- Opening Delimiter -

(* Let $p$ be a prime with $p\equiv 1\pmod 8$ and $p \equiv 2 \pmod 3$, and let $n\ge 2$ be an integer. Let $(\alpha,\beta,\kappa)\in\mathbb{Z}^3$ be nonzero integers such that: (B1) $\alpha$ and $\beta$ are odd and $\gcd(\alpha,3)=\gcd(\alpha,p)=\gcd(\alpha,\beta)=\gcd(\beta,p)=1$; (B2) for every odd prime $l\ne 3$ dividing $\alpha\beta$, $p$ is a square in $\mathbb{Q}_l^\times$; (B3) $v_3(\kappa)$ is an odd positive integer and $v_3(\kappa)<2n-1$; (B4) $\kappa\not\equiv 0 \pmod p$; (B5) for every odd prime $l\ne 3$ dividing $\kappa$, $p$ is a square in $\mathbb{Q}_l^\times$. Define $A = \frac{p\alpha^2-9\beta^2}{2}$, $B = 9(p\alpha^2-9\beta^2)\kappa^2$, $C = 9(p\alpha^2+9\beta^2)\kappa^2$, $D=\frac{p\alpha^2+9\beta^2}{2}$, $E = 81\alpha\beta\kappa^3$, $F = 18\alpha\beta\kappa$, $G = 3\alpha\beta$. Then $(A,B,C,D,E,F,G)$ satisfies Hypothesis FM with respect to $(p,n)$.
   Context: $v_l$ denotes the $l$-adic valuation. Hypothesis FM. Let $p$ be a prime with $p\equiv 1 \pmod 8$ and $n\ge 1$ an integer. A septuple $(A,B,C,D,E,F,G)\in\mathbb{Z}^7$, not all zero, satisfies Hypothesis FM with respect to $(p,n)$ if: (A1) $B^2 - C^2 + 2pEF = 0$, $2AB - 2CD + pF^2 = 0$, and $A^2 - D^2 + pG^2 = 0$; (A2) for every odd prime $l$ with $l\ne 3$, $l\ne p$ and $l\mid E$: $p$ is a square in $\mathbb{Q}_l^\times$ or $v_l(E)-v_l(G)<6n$; (A3) $\gcd(A,D,G)=1$, $E\not\equiv 0 \pmod p$ and $G\not\equiv 0\pmod p$; (A4) for every odd prime $l$ with $l\ne 3$, $l\ne p$ and $l \mid \gcd(AC-BD,\ DE-CF,\ AE-BF)$: $p$ is a square in $\mathbb{Q}_l^\times$; (A5) there is an integer $H$ with $G - EH^6\equiv 0 \pmod p$ such that $A+\zeta BH^4$ is a quadratic non-residue in $\mathbb{F}_p^\times$ for every cube root of unity $\zeta\in\mathbb{F}_p^\times$; and, if $3$ is a quadratic non-residue in $\mathbb{F}_p^\times$, additionally: (A6) $v_3(E)-v_3(G)<6n$; (A7) $A+B\not\equiv 0\pmod 3$ and $G\equiv 0 \pmod 3$. *)

theory Defs
  imports "HOL-Number_Theory.Number_Theory"
begin

text \<open>A nonzero integer is a square in Q_l iff it is a square in Z_l, and by
  compactness of Z_l this holds iff x^2 = a is solvable modulo every power l^k.\<close>
definition padic_square :: "int \<Rightarrow> int \<Rightarrow> bool" where
  "padic_square l a \<longleftrightarrow> a \<noteq> 0 \<and> (\<forall>k::nat. \<exists>x::int. [x^2 = a] (mod l^k))"

definition qnr :: "int \<Rightarrow> int \<Rightarrow> bool" where
  "qnr p a \<longleftrightarrow> Legendre a p = -1"

definition vdiff :: "int \<Rightarrow> int \<Rightarrow> int \<Rightarrow> int" where
  "vdiff l x y = int (multiplicity l x) - int (multiplicity l y)"
lemma idxs_Suc:
  "idxs m n (Suc k) = (\<lambda>(s,t). (fst s # fst t, snd s # snd t)) ` (grid m n \<times> idxs m n k)"
proof
  show "idxs m n (Suc k) \<subseteq> (\<lambda>(s,t). (fst s # fst t, snd s # snd t)) ` (grid m n \<times> idxs m n k)"
  proof
    fix x assume "x \<in> idxs m n (Suc k)"
    then obtain j a l b where "x = (j # a, l # b)" "length a = k" "length b = k"
      "j < m" "l < n" "set a \<subseteq> {..<m}" "set b \<subseteq> {..<n}"
      by (auto simp: idxs_def length_Suc_conv)
    thus "x \<in> (\<lambda>(s,t). (fst s # fst t, snd s # snd t)) ` (grid m n \<times> idxs m n k)"
      by (auto simp: idxs_def grid_def image_iff intro!: bexI[of _ "((j,l),(a,b))"])
  qed
qed (auto simp: idxs_def grid_def)

lemma idxs_eq_Times:
  "idxs m n k = {a. length a = k \<and> set a \<subseteq> {..<m}} \<times> {b. length b = k \<and> set b \<subseteq> {..<n}}"
  by (auto simp: idxs_def)

lemma finite_idxs: "finite (idxs m n k)"
  by (induction k) (auto simp: idxs_0 idxs_Suc grid_def)

lemma sum_idxs_Suc:
  "(\<Sum>x\<in>idxs m n (Suc k). f x) =
   (\<Sum>s\<in>grid m n. \<Sum>t\<in>idxs m n k. f (fst s # fst t, snd s # snd t))"
proof -
  have "inj_on (\<lambda>(s,t). (fst s # fst t, snd s # snd t)) (grid m n \<times> idxs m n k)"
    by (rule inj_onI) (auto simp: prod_eq_iff)
  thus ?thesis
    unfolding idxs_Suc by (simp add: sum.reindex sum.cartesian_product case_prod_unfold)
qed

lemma power_prod_cnj_coeffs_zero:
  assumes "\<forall>z. (\<Sum>x\<in>idxs m n k. c x * (power_prod z (fst x) * cnj (power_prod z (snd x)))) = 0"
    and "x \<in> idxs m n k"
  shows "c x = 0"
  using assms
proof (induction k arbitrary: c x)
  case 0
  then show ?case by (simp add: idxs_0 power_prod_def)
next
  case (Suc k)
  define G where "G s z = (\<Sum>t\<in>idxs m n k. c (fst s # fst t, snd s # snd t) *
    (power_prod z (fst t) * cnj (power_prod z (snd t))))" for s z
  have G_zero: "G s z = 0" if "s \<in> grid m n" for s z
  proof (rule monomial_cnj_coeffs_zero[of "grid m n", OF _ _ that])
    show "\<forall>w. (\<Sum>s\<in>grid m n. G s z * (w ^ fst s * cnj w ^ snd s)) = 0"
    proof
      fix w
      have "(\<Sum>s\<in>grid m n. G s z * (w ^ fst s * cnj w ^ snd s)) =
          (\<Sum>x\<in>idxs m n (Suc k). c x *
            (power_prod (case_nat w z) (fst x) * cnj (power_prod (case_nat w z) (snd x))))"
        unfolding sum_idxs_Suc G_def sum_distrib_right
        by (intro sum.cong refl) (simp add: power_prod_Cons algebra_simps)
      also have "\<dots> = 0" using Suc.prems(1) by blast
      finally show "(\<Sum>s\<in>grid m n. G s z * (w ^ fst s * cnj w ^ snd s)) = 0" .
    qed
  qed (simp add: grid_def)
  from Suc.prems(2) obtain s t where st: "s \<in> grid m n" "t \<in> idxs m n k"
    "x = (fst s # fst t, snd s # snd t)" unfolding idxs_Suc by auto
  have "c (fst s # fst t, snd s # snd t) = 0"
    using Suc.IH[of "\<lambda>t. c (fst s # fst t, snd s # snd t)" t] G_zero[OF st(1)] st(2)
    unfolding G_def by blast
  thus ?case using st by simp
qed

lemma quadratic_nonneg_imp_linear_coeff_zero:
  fixes a q :: real
  assumes "\<forall>t. 0 \<le> t * t * q - 2 * t * a"
  shows "a = 0"
proof -
  define t where "t = a / (\<bar>q\<bar> + 1)"
  have ta: "t * (\<bar>q\<bar> + 1) = a" by (simp add: t_def)
  have "0 \<le> (\<bar>q\<bar> + 1)\<^sup>2 * (t * t * q - 2 * t * a)" using assms by simp
  also have "\<dots> = (t * (\<bar>q\<bar> + 1)) * (t * (\<bar>q\<bar> + 1)) * q - 2 * (t * (\<bar>q\<bar> + 1)) * a * (\<bar>q\<bar> + 1)"
    by (simp add: power2_eq_square algebra_simps)
  also have "\<dots> = a * a * (q - 2 * \<bar>q\<bar> - 2)"
    unfolding ta by (simp add: algebra_simps)
  finally have "a * a * (2 * \<bar>q\<bar> + 2 - q) \<le> 0" by (simp add: algebra_simps)
  moreover have "2 * \<bar>q\<bar> + 2 - q > 0" by linarith
  ultimately have "a * a \<le> 0" by (simp add: mult_le_0_iff)
  thus ?thesis using not_real_square_gt_zero[of a] by linarith
qed

lemma inner_on_apply_op_add_smult:
  "inner_on I (\<lambda>x. v x + s * w x) (apply_op I E (\<lambda>x. v x + s * w x)) =
   inner_on I v (apply_op I E v) + cnj s * inner_on I w (apply_op I E v)
   + s * inner_on I v (apply_op I E w) + cnj s * s * inner_on I w (apply_op I E w)"
proof -
  have "apply_op I E (\<lambda>x. v x + s * w x) = (\<lambda>x. apply_op I E v x + s * apply_op I E w x)"
    by (simp add: apply_op_def algebra_simps sum.distrib sum_distrib_left)
  thus ?thesis unfolding inner_on_def
    by (simp add: algebra_simps sum.distrib sum_distrib_left)
qed
theorem lemma7:
  fixes M :: "'a measure" and S :: "'s measure"
    and C E :: nat and p :: "nat \<Rightarrow> nat \<Rightarrow> real"
    and \<beta> L \<sigma> G :: real and \<gamma> :: "nat \<Rightarrow> real"
    and F :: "nat \<Rightarrow> 'v::euclidean_space \<Rightarrow> real" and gradF :: "nat \<Rightarrow> 'v \<Rightarrow> 'v"
    and g :: "nat \<Rightarrow> 'v \<Rightarrow> 's \<Rightarrow> 'v" and \<xi> :: "nat \<Rightarrow> nat \<Rightarrow> nat \<Rightarrow> 'a \<Rightarrow> 's"
    and w0 :: 'v
  assumes M: "prob_space M"
    and beta: "0 < \<beta>" "\<beta> < 1"
    and E: "E \<ge> 1"
    and step: "\<And>t. \<gamma> t > 0"
    and p_nonneg: "\<And>i n. p i n \<ge> 0"
    and p_sym: "\<And>i n. p i n = p n i"
    and p_diag: "\<And>i. p i i = 0"
    and p_sum: "(\<Sum>i<C. \<Sum>n<C. p i n) = 1"
    and p_pos: "\<And>i. i < C \<Longrightarrow> pw C p i > 0"
    and xi_rv: "\<And>i t k. \<xi> i t k \<in> measurable M S"
    and xi_indep: "prob_space.indep_vars M (\<lambda>_. S) (\<lambda>(i, t, k). \<xi> i t k)
                     ({..<C} \<times> UNIV \<times> {..<E})"
    and g_meas: "\<And>i. (\<lambda>(x, s). g i x s) \<in> borel_measurable (borel \<Otimes>\<^sub>M S)"
    and F_grad: "\<And>i x. (F i has_derivative (\<lambda>h. gradF i x \<bullet> h)) (at x)"
    and L_smooth: "\<And>i x y. norm (gradF i x - gradF i y) \<le> L * norm (x - y)"
    and unbiased: "\<And>i t k x. i < C \<Longrightarrow> k < E \<Longrightarrow>
        integrable M (\<lambda>\<omega>. g i x (\<xi> i t k \<omega>)) \<and>
        integral\<^sup>L M (\<lambda>\<omega>. g i x (\<xi> i t k \<omega>)) = gradF i x"
    and variance: "\<And>i t k. i < C \<Longrightarrow> k < E \<Longrightarrow>
        integrable M (\<lambda>\<omega>. (norm (g i (fed_wt C p \<beta> E \<gamma> g \<xi> w0 i t k \<omega>) (\<xi> i t k \<omega>)
                                  - gradF i (fed_wt C p \<beta> E \<gamma> g \<xi> w0 i t k \<omega>)))\<^sup>2) \<and>
        integral\<^sup>L M (\<lambda>\<omega>. (norm (g i (fed_wt C p \<beta> E \<gamma> g \<xi> w0 i t k \<omega>) (\<xi> i t k \<omega>)
                                  - gradF i (fed_wt C p \<beta> E \<gamma> g \<xi> w0 i t k \<omega>)))\<^sup>2) \<le> \<sigma>\<^sup>2"
    and second_moment: "\<And>i t k. i < C \<Longrightarrow> k < E \<Longrightarrow>
        integrable M (\<lambda>\<omega>. (norm (g i (fed_wt C p \<beta> E \<gamma> g \<xi> w0 i t k \<omega>) (\<xi> i t k \<omega>)))\<^sup>2) \<and>
        integral\<^sup>L M (\<lambda>\<omega>. (norm (g i (fed_wt C p \<beta> E \<gamma> g \<xi> w0 i t k \<omega>) (\<xi> i t k \<omega>)))\<^sup>2) \<le> G\<^sup>2"
    and i: "i < C" and k: "k < E"
  shows "integral\<^sup>L M (\<lambda>\<omega>. (norm (fed_wbar C p \<beta> E \<gamma> g \<xi> w0 t k \<omega>
                                   - fed_wt C p \<beta> E \<gamma> g \<xi> w0 i t k \<omega>))\<^sup>2)
         \<le> 4 * (\<gamma> t)\<^sup>2 * (real E)\<^sup>2 * G\<^sup>2 *
            (4 + (1 - \<beta>)\<^sup>2 +
             (if t \<ge> 1 then 8 * (\<gamma> (t - 1))\<^sup>2 / (\<gamma> t)\<^sup>2 * (1 - 1 / \<beta>)\<^sup>2 else 0))"
proof -
  interpret fed_run_bounded C E p \<beta> \<gamma> g \<xi> w0 M G
  proof unfold_locales
    show "(\<Sum>n<C. pw C p n) = 1"
      using p_sum by (simp add: pw_def)
  qed (fact p_nonneg p_pos second_moment)+
  have "integral\<^sup>L M (\<lambda>\<omega>. (norm (wbar t k \<omega> - wt i t k \<omega>))\<^sup>2)
      \<le> 3 * ((1 - \<beta>)\<^sup>2 * (if 1 \<le> t then 4 * (\<gamma> (t - 1))\<^sup>2 * ((real E)\<^sup>2 * G\<^sup>2) else 0)
             + (\<gamma> t)\<^sup>2 * ((real k)\<^sup>2 * G\<^sup>2) + (\<beta> * \<gamma> t)\<^sup>2 * ((real k)\<^sup>2 * G\<^sup>2))"
    using i k by (intro ms_bounded_integral_le ms_bounded_wbar_minus_wt) auto
  also have "\<dots> \<le> 4 * (\<gamma> t)\<^sup>2 * (real E)\<^sup>2 * G\<^sup>2 *
            (4 + (1 - \<beta>)\<^sup>2 +
             (if t \<ge> 1 then 8 * (\<gamma> (t - 1))\<^sup>2 / (\<gamma> t)\<^sup>2 * (1 - 1 / \<beta>)\<^sup>2 else 0))"
    using beta step[of t] k by (intro consensus_bound_arith) auto
  finally show ?thesis .
qed
(* Let $R$ be a finite Frobenius ring and let $\psi$ be a primitive additive character of $R$. Let $a,b\in R$. For each principal ideal $D$ of $R$ with $(a)\subseteq D$ and $(b)\subseteq D$, choose a generator $d$ of $D$ and elements $a_0,b_0\in R$ with $a=da_0$, $b=db_0$, and define $$T_D=\sum_{v\in (R/d^\perp)^\times}\psi\big(d\tilde v\big)\,\psi\big(d\,a_0b_0\,\tilde v^{-1}\big)$$ if $d\neq 0$, where $\tilde v\in R^\times$ is any lift of $v$ (so the summand is $K(d.\psi,(a_0b_0).(d.\psi))$ computed over the quotient ring $R/d^\perp$, on which $d.\psi$ is a well-defined primitive character), and $T_D=1$ if $D=(0)$ (this case only occurs when $a=b=0$; it corresponds to the Kloosterman sum over the zero ring). Then $T_D$ and $|d^\perp|$ do not depend on the choices made, and $$\sum_{u\in R^\times}\psi(au+bu^{-1})=\sum_{\substack{D=(d)\text{ principal}\\ (a),(b)\subseteq D}} |d^\perp|\;T_D .$$
   Context: All rings are finite and commutative with identity; $R^\times$ denotes the unit group. An additive character of $R$ is a group homomorphism $(R,+)\to\mathbb{C}^*$; for $c\in R$ and an additive character $\psi$, $c.\psi$ denotes the character $r\mapsto\psi(cr)$. The conductor of an additive character is the largest ideal on which it is identically $1$; a character is primitive if its conductor is the zero ideal. $R$ is called Frobenius if it admits a primitive additive character. For an ideal $I$ (or element $d$), $I^\perp=\{r\in R: rx=0\ \forall x\in I\}$ and $d^\perp=(d)^\perp$. For additive characters $\phi,\psi$ of a finite ring $S$, the Kloosterman sum is $K(\phi,\psi)=\sum_{u\in S^\times}\phi(u)\psi(u^{-1})$. *)

theory Defs
  imports Complex_Main
begin

definition ring_units :: "'a::comm_ring_1 set" where
  "ring_units = {u. \<exists>v. u * v = 1}"

definition uinv :: "'a::comm_ring_1 \<Rightarrow> 'a" where
  "uinv u = (SOME v. u * v = 1)"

- Closing Delimiter -

• EXERCISE REQUIREMENTS:
All lines carrying the word "assumes" must be copied from the data above.

• RESULT:
  assumes "\<forall>z. (\<Sum>x\<in>idxs m n k. c x * (power_prod z (fst x) * cnj (power_prod z (snd x)))) = 0"
  assumes "\<forall>t. 0 \<le> t * t * q - 2 * t * a"
  assumes M: "prob_space M"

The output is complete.